Question

How many four letter words, with or without meaning, can be formed by using the letters of the word “EQUATION” such that at least one vowel should be included in each word and repetition of letters is not allowed?
A). 1680
B). 3410
C). 450
D). 2360

Answer 1

Hint: In the word “EQUATION”, there are 5 vowels and 3 consonants. To make a four letter word we can select one vowel and 3 consonants or 2 vowels and 2 consonants or 3 vowels and 1 consonant or only 4 vowels. Since the arrangement of the letters matters, use a permutation formula.

Complete step-by-step answer:
We know that a permutation is the choice or r thing from a set of n things without replacement and where the order matters.
The formula of permutation is:
${}^{n}{{P}_{r}}=\dfrac{n!}{\left( n-r \right)!}$
Here the given word is “EQUATION”. There are 8 letters in this word. 5 of them are vowels and 3 of them are consonants. We need to form 4 letter words such that at least one vowel should be there in each word.
That means, we can select 1 vowel and 3 consonants or 2 vowels and 2 consonants or 3 vowels and 1 consonant or 4 vowels.
If we change the order of selection then the word will also change.
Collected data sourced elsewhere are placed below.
(* Let $n\ge 1$ be an integer and let $P_n$ denote the path on $n$ vertices. For any $x\in\mathbb{N}$ and any integer $y$ with $0\le y\le x$, except for the case $x=y=1$, we have \[ P(P_n,x,y) = \frac{\sqrt{(x+1)^2-4y}-x-1}{2\sqrt{(x+1)^2-4y}}\cdot \left( \frac{x-1-\sqrt{(x+1)^2-4y}}{2} \right)^n + \frac{\sqrt{(x+1)^2-4y}+x+1}{2\sqrt{(x+1)^2-4y}}\cdot \left( \frac{x-1+\sqrt{(x+1)^2-4y}}{2} \right)^n . \]
   Context: For a finite simple graph $G=(V,E)$, $x\in\mathbb{N}$ and $y\in\{0,\dots,x\}$, the bivariate chromatic polynomial $P(G,x,y)$ is the number of maps $f:V\to\{1,\dots,x\}$ such that for every edge $\{v,w\}\in E$, either $f(v)\neq f(w)$ or $f(v)=f(w)>y$. (Equivalently: colorings in which adjacent vertices receive different colors or share a color from $\{y+1,\dots,x\}$.) *)

theory Defs
  imports Complex_Main "HOL-Library.FuncSet"
begin

text \<open>Maps are taken extensional (undefined outside V)
so that the set of maps is finite.\<close>

definition bivariate_chrom :: "'a set \<Rightarrow> 'a set set \<Rightarrow> nat \<Rightarrow> nat \<Rightarrow> nat" where
  "bivariate_chrom V E x y =
     card {f. f \<in> V \<rightarrow>\<^sub>E {1..x} \<and>
              (\<forall>v w. {v, w} \<in> E \<longrightarrow> f v \<noteq> f w \<or> f v > y)}"

definition path_vertices :: "nat \<Rightarrow> nat set" where
  "path_vertices n = {0..<n}"

definition path_edges :: "nat \<Rightarrow> nat set set" where
  "path_edges n = {{i, Suc i} | i. Suc i < n}"

end

theory Submission
  imports Defs
begin

text \<open>Let \<open>p n\<close> be the number of admissible colourings of the path on \<open>n\<close> vertices and \<open>l n\<close> the
number of those whose end vertex gets a colour in \<open>{1..y}\<close>. Appending a vertex, the new colour
is free in \<open>{1..x}\<close> except that it must differ from the end colour when that colour is
\<open>\<le> y\<close>; hence \<open>p (n+1) = x p n - l n\<close> and \<open>l (n+1) = y p n - l n\<close>. Eliminating \<open>l\<close> gives
\<open>p (n+2) = (x - 1) p (n+1) + (x - y) p n\<close> with \<open>p 0 = 1\<close>, \<open>p 1 = x\<close>. The characteristic
roots \<open>(x - 1 \<plusminus> \<surd>((x + 1)\<^sup>2 - 4y)) / 2\<close> are distinct unless \<open>x = y = 1\<close>, and the stated
formula is the Binet formula for these initial values.\<close>

definition path_colorings :: "nat \<Rightarrow> nat \<Rightarrow> nat \<Rightarrow> (nat \<Rightarrow> nat) set" where
  "path_colorings x y n =
     {f \<in> {0..<n} \<rightarrow>\<^sub>E {1..x}. \<forall>i. Suc i < n \<longrightarrow> f i \<noteq> f (Suc i) \<or> y < f i}"

definition low_end_colorings :: "nat \<Rightarrow> nat \<Rightarrow> nat \<Rightarrow> (nat \<Rightarrow> nat) set" where
  "low_end_colorings x y n = {g \<in> path_colorings x y n. 0 < n \<and> g (n - 1) \<le> y}"

text \<open>For \<open>n = 0\<close> the end colour \<open>g (n - 1)\<close> is a junk value, neutralised by the disjunct \<open>n = 0\<close>.\<close>

definition next_colors :: "nat \<Rightarrow> nat \<Rightarrow> nat \<Rightarrow> (nat \<Rightarrow> nat) \<Rightarrow> nat set" where
  "next_colors x y n g = {c \<in> {1..x}. c = g (n - 1) \<longrightarrow> n = 0 \<or> y < c}"

lemma bivariate_chrom_path:
  "bivariate_chrom (path_vertices n) (path_edges n) x y = card (path_colorings x y n)"
proof -
  have "{v, w} \<in> path_edges n \<longleftrightarrow> (\<exists>i. Suc i < n \<and> (v = i \<and> w = Suc i \<or> v = Suc i \<and> w = i))"
    for v w :: nat
    by (auto simp: path_edges_def doubleton_eq_iff)
  then have "(\<forall>v w. {v, w} \<in> path_edges n \<longrightarrow> f v \<noteq> f w \<or> y < f v) \<longleftrightarrow>
             (\<forall>i. Suc i < n \<longrightarrow> f i \<noteq> f (Suc i) \<or> y < f i)" for f :: "nat \<Rightarrow> nat"
    by (metis less_SucI not_less_eq)
  then show ?thesis
    by (simp add: bivariate_chrom_def path_colorings_def path_vertices_def)
qed

lemma finite_path_colorings: "finite (path_colorings x y n)"
  by (rule finite_subset[of _ "{0..<n} \<rightarrow>\<^sub>E {1..x}"]) (auto simp: path_colorings_def finite_PiE)

lemma card_path_colorings_Suc_end_in_sum:
  "card {f \<in> path_colorings x y (Suc n). f n \<in> C} =
   (\<Sum>g\<in>path_colorings x y n. card (next_colors x y n g \<inter> C))"
proof -
  let ?ext = "SIGMA g:path_colorings x y n. next_colors x y n g \<inter> C"
  have "bij_betw (\<lambda>f. (restrict f {0..<n}, f n)) {f \<in> path_colorings x y (Suc n). f n \<in> C} ?ext"
  proof (rule bij_betw_byWitness[where f' = "\<lambda>(g, c). g(n := c)"])
    show "\<forall>f\<in>{f \<in> path_colorings x y (Suc n). f n \<in> C}.
            (case (restrict f {0..<n}, f n) of (g, c) \<Rightarrow> g(n := c)) = f"
      by (auto simp: path_colorings_def PiE_def extensional_def fun_eq_iff)
    show "\<forall>p\<in>?ext. (restrict ((case p of (g, c) \<Rightarrow> g(n := c))) {0..<n},
                   (case p of (g, c) \<Rightarrow> g(n := c)) n) = p"
      by (auto simp: path_colorings_def PiE_def extensional_def fun_eq_iff)
    show "(\<lambda>f. (restrict f {0..<n}, f n)) ` {f \<in> path_colorings x y (Suc n). f n \<in> C} \<subseteq> ?ext"
      by (cases n) (auto simp: path_colorings_def next_colors_def PiE_def extensional_def)
    show "(\<lambda>(g, c). g(n := c)) ` ?ext \<subseteq> {f \<in> path_colorings x y (Suc n). f n \<in> C}"
      by (auto simp: path_colorings_def next_colors_def PiE_def extensional_def less_Suc_eq)
  qed
  then have "card {f \<in> path_colorings x y (Suc n). f n \<in> C} = card ?ext"
    by (rule bij_betw_same_card)
  also have "\<dots> = (\<Sum>g\<in>path_colorings x y n. card (next_colors x y n g \<inter> C))"
    by (rule card_SigmaI) (auto simp: finite_path_colorings next_colors_def)
  finally show ?thesis .
qed

lemma card_next_colors_Int:
  assumes "g \<in> path_colorings x y n" and "{1..y} \<subseteq> C" and "C \<subseteq> {1..x}"
  shows "real (card (next_colors x y n g \<inter> C)) = real (card C) - of_bool (g \<in> low_end_colorings x y n)"
proof (cases "g \<in> low_end_colorings x y n")
  case True
  then have "g (n - 1) \<in> C" "0 < n" "g (n - 1) \<le> y"
    using assms(1,2) by (auto simp: low_end_colorings_def path_colorings_def PiE_def Pi_def)
  moreover have "next_colors x y n g \<inter> C = C - {g (n - 1)}"
    using calculation assms(3) by (auto simp: next_colors_def)
  moreover have "card C \<ge> 1"
    using calculation assms(3) finite_subset[OF assms(3)] by (auto simp: Suc_le_eq card_gt_0_iff)
  ultimately show ?thesis
    using True finite_subset[OF assms(3)] by (simp add: of_nat_diff)
next
  case False
  then have "next_colors x y n g \<inter> C = C"
    using assms(1,3) by (auto simp: next_colors_def low_end_colorings_def)
  then show ?thesis
    using False by simp
qed

lemma card_path_colorings_Suc_end_in:
  assumes "{1..y} \<subseteq> C" and "C \<subseteq> {1..x}"
  shows "real (card {f \<in> path_colorings x y (Suc n). f n \<in> C}) =
         real (card C) * real (card (path_colorings x y n)) - real (card (low_end_colorings x y n))"
proof -
  have low: "low_end_colorings x y n \<subseteq> path_colorings x y n"
    by (auto simp: low_end_colorings_def)
  have "real (card {f \<in> path_colorings x y (Suc n). f n \<in> C}) =
        (\<Sum>g\<in>path_colorings x y n. real (card C) - of_bool (g \<in> low_end_colorings x y n))"
    unfolding card_path_colorings_Suc_end_in_sum of_nat_sum
    by (rule sum.cong[OF refl]) (rule card_next_colors_Int[OF _ assms])
  also have "\<dots> = real (card C) * real (card (path_colorings x y n)) - real (card (low_end_colorings x y n))"
    by (simp add: sum_subtractf finite_path_colorings Int_absorb1[OF low])
  finally show ?thesis .
qed

lemma path_colorings_recurrence:
  assumes "y \<le> x"
  shows "real (card (path_colorings x y (Suc (Suc n)))) =
         (real x - 1) * real (card (path_colorings x y (Suc n))) +
         (real x - real y) * real (card (path_colorings x y n))"
proof -
  have all: "{f \<in> path_colorings x y (Suc m). f m \<in> {1..x}} = path_colorings x y (Suc m)" for m
    by (auto simp: path_colorings_def PiE_def Pi_def)
  have low: "{f \<in> path_colorings x y (Suc m). f m \<in> {1..y}} = low_end_colorings x y (Suc m)" for m
    by (auto simp: path_colorings_def low_end_colorings_def PiE_def Pi_def)
  have total: "real (card (path_colorings x y (Suc m))) =
      real x * real (card (path_colorings x y m)) - real (card (low_end_colorings x y m))" for m
    using card_path_colorings_Suc_end_in[of y "{1..x}" x m] assms unfolding all by simp
  have low_end: "real (card (low_end_colorings x y (Suc m))) =
      real y * real (card (path_colorings x y m)) - real (card (low_end_colorings x y m))" for m
    using card_path_colorings_Suc_end_in[of y "{1..y}" x m] assms unfolding low by simp
  have "real (card (low_end_colorings x y n)) =
      real x * real (card (path_colorings x y n)) - real (card (path_colorings x y (Suc n)))"
    using total[of n] by simp
  then show ?thesis
    using total[of "Suc n"] low_end[of n] by (simp add: algebra_simps)
qed

lemma card_path_colorings_0: "card (path_colorings x y 0) = 1"
  by (simp add: path_colorings_def)

lemma card_path_colorings_1: "card (path_colorings x y 1) = x"
  by (simp add: path_colorings_def card_PiE)

lemma second_order_recurrence_unique:
  fixes u v :: "nat \<Rightarrow> 'a::comm_semiring"
  assumes "\<And>n. u (Suc (Suc n)) = b * u (Suc n) + c * u n"
    and "\<And>n. v (Suc (Suc n)) = b * v (Suc n) + c * v n"
    and "u 0 = v 0" and "u 1 = v 1"
  shows "u n = v n"
  by (induction n rule: induct_nat_012) (simp_all add: assms(1,2,3) assms(4)[unfolded One_nat_def])

lemma quadratic_root:
  fixes b c s :: "'a::field_char_0"
  assumes "s\<^sup>2 = b\<^sup>2 + 4 * c"
  shows "((b + s) / 2)\<^sup>2 = b * ((b + s) / 2) + c"
proof -
  have "((b + s) / 2)\<^sup>2 - (b * ((b + s) / 2) + c) = (s\<^sup>2 - b\<^sup>2 - 4 * c) / 4"
    by (simp add: power2_eq_square field_simps)
  then show ?thesis
    using assms by simp
qed

lemma power_Suc_Suc_of_root:
  fixes r b c :: "'a::comm_ring_1"
  assumes "r\<^sup>2 = b * r + c"
  shows "r ^ Suc (Suc k) = b * r ^ Suc k + c * r ^ k"
proof -
  have "r ^ Suc (Suc k) = r ^ k * r\<^sup>2"
    by (simp add: power2_eq_square algebra_simps)
  also have "\<dots> = b * r ^ Suc k + c * r ^ k"
    unfolding assms by (simp add: algebra_simps)
  finally show ?thesis .
qed

lemma linear_recurrence_Binet:
  fixes u :: "nat \<Rightarrow> 'a::field_char_0"
  assumes rec: "\<And>n. u (Suc (Suc n)) = b * u (Suc n) + c * u n"
    and s: "s\<^sup>2 = b\<^sup>2 + 4 * c" and "s \<noteq> 0"
  shows "u n = ((s + b) * u 0 - 2 * u 1) / (2 * s) * ((b - s) / 2) ^ n
             + ((s - b) * u 0 + 2 * u 1) / (2 * s) * ((b + s) / 2) ^ n"
proof -
  define r\<^sub>1 r\<^sub>2 where "r\<^sub>1 = (b - s) / 2" and "r\<^sub>2 = (b + s) / 2"
  define \<alpha> \<beta> where "\<alpha> = ((s + b) * u 0 - 2 * u 1) / (2 * s)"
    and "\<beta> = ((s - b) * u 0 + 2 * u 1) / (2 * s)"
  have "r\<^sub>1\<^sup>2 = b * r\<^sub>1 + c" and "r\<^sub>2\<^sup>2 = b * r\<^sub>2 + c"
    using quadratic_root[of "- s" b c] quadratic_root[of s b c] s
    unfolding r\<^sub>1_def r\<^sub>2_def by simp_all
  note root_power = this[THEN power_Suc_Suc_of_root]
  have "u n = \<alpha> * r\<^sub>1 ^ n + \<beta> * r\<^sub>2 ^ n"
  proof (rule second_order_recurrence_unique[where u = u, OF rec])
    show "\<alpha> * r\<^sub>1 ^ Suc (Suc k) + \<beta> * r\<^sub>2 ^ Suc (Suc k) =
      b * (\<alpha> * r\<^sub>1 ^ Suc k + \<beta> * r\<^sub>2 ^ Suc k) + c * (\<alpha> * r\<^sub>1 ^ k + \<beta> * r\<^sub>2 ^ k)" for k
      unfolding root_power by (simp add: algebra_simps)
  qed (use \<open>s \<noteq> 0\<close> in \<open>simp_all add: \<alpha>_def \<beta>_def r\<^sub>1_def r\<^sub>2_def field_simps\<close>)
  then show ?thesis
    unfolding \<alpha>_def \<beta>_def r\<^sub>1_def r\<^sub>2_def .
qed

theorem theorem1:
  fixes n x y :: nat
  assumes "n \<ge> 1" and "y \<le> x" and "\<not> (x = 1 \<and> y = 1)"
  shows "real (bivariate_chrom (path_vertices n) (path_edges n) x y) =
    (sqrt ((real x + 1)^2 - 4 * real y) - real x - 1) / (2 * sqrt ((real x + 1)^2 - 4 * real y))
      * ((real x - 1 - sqrt ((real x + 1)^2 - 4 * real y)) / 2) ^ n
  + (sqrt ((real x + 1)^2 - 4 * real y) + real x + 1) / (2 * sqrt ((real x + 1)^2 - 4 * real y))
      * ((real x - 1 + sqrt ((real x + 1)^2 - 4 * real y)) / 2) ^ n"
proof -
  define s where "s = sqrt ((real x + 1)^2 - 4 * real y)"
  have discr: "(real x + 1)^2 - 4 * real y = (real x - 1)\<^sup>2 + 4 * (real x - real y)"
    by (simp add: power2_eq_square algebra_simps)
  have "real x - real y \<ge> 0"
    using assms(2) by simp
  then have s2: "s\<^sup>2 = (real x - 1)\<^sup>2 + 4 * (real x - real y)"
    unfolding s_def discr by simp
  have "s \<noteq> 0"
  proof
    assume "s = 0"
    then have "(real x - 1)\<^sup>2 = 0" and "real x - real y = 0"
      using s2 \<open>real x - real y \<ge> 0\<close> by (simp_all add: add_nonneg_eq_0_iff)
    then show False
      using assms(3) by simp
  qed
  from linear_recurrence_Binet[where u = "\<lambda>k. real (card (path_colorings x y k))",
      OF path_colorings_recurrence[OF assms(2)] s2 this, of n]
  show ?thesis
    unfolding bivariate_chrom_path s_def[symmetric] card_path_colorings_0 card_path_colorings_1
    by (simp add: algebra_simps)
qed

end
Therefore here the order of selection matters. Hence, we need to use the permutation formula.
Now, if we make the words using 1 vowel and 3 consonants, number of such words will be:
${}^{5}{{P}_{1}}\times {}^{3}{{P}_{3}}$
$=\dfrac{5!}{\left( 5-1 \right)!}\times \dfrac{3!}{\left( 3-3 \right)!}$
$=\dfrac{5!\times 3!}{4!\times 1}$ , as 0! = 1.
$=\dfrac{5\times 4!\times 6}{4!}=30$
If we make the words using 2 vowels and 2 consonants, number of such words will be:
${}^{5}{{P}_{2}}\times {}^{3}{{P}_{2}}$
$=\dfrac{5!}{\left( 5-2 \right)!}\times \dfrac{3!}{\left( 3-2 \right)!}$
$=\dfrac{5!\times 3!}{3!\times 1!}$
$=5!=5\times 4\times 3\times 2\times 1=120$
Now, if we make the words using 3 vowels and 1 consonant, number of such words will be:
${}^{5}{{P}_{3}}\times {}^{3}{{P}_{1}}$
$=\dfrac{5!}{\left( 5-3 \right)!}\times \dfrac{3!}{\left( 3-1 \right)!}$
$=\dfrac{5!\times 3!}{2!\times 2!}$
$=\dfrac{5\times 4\times 3\times 2!\times 3\times 2!}{2!\times 2!}=180$
Now, if we make the words using 4 vowels, number of such words will be:
${}^{5}{{P}_{4}}$
$=\dfrac{5!}{\left( 5-4 \right)!}$
$=\dfrac{5!}{1!}$
$=5!=5\times 4\times 3\times 2\times 1=120$
Therefore, total number 4 letter words with at least one vowel will be (30 + 120 + 180 + 120) = 450.
Hence, option (C) is correct.

Note: We can make mistakes while we are deciding to use permutation. We need to understand, if the arrangement of the letters changes, the word will also change. So the arrangement matters here. Therefore, we have to use permutation.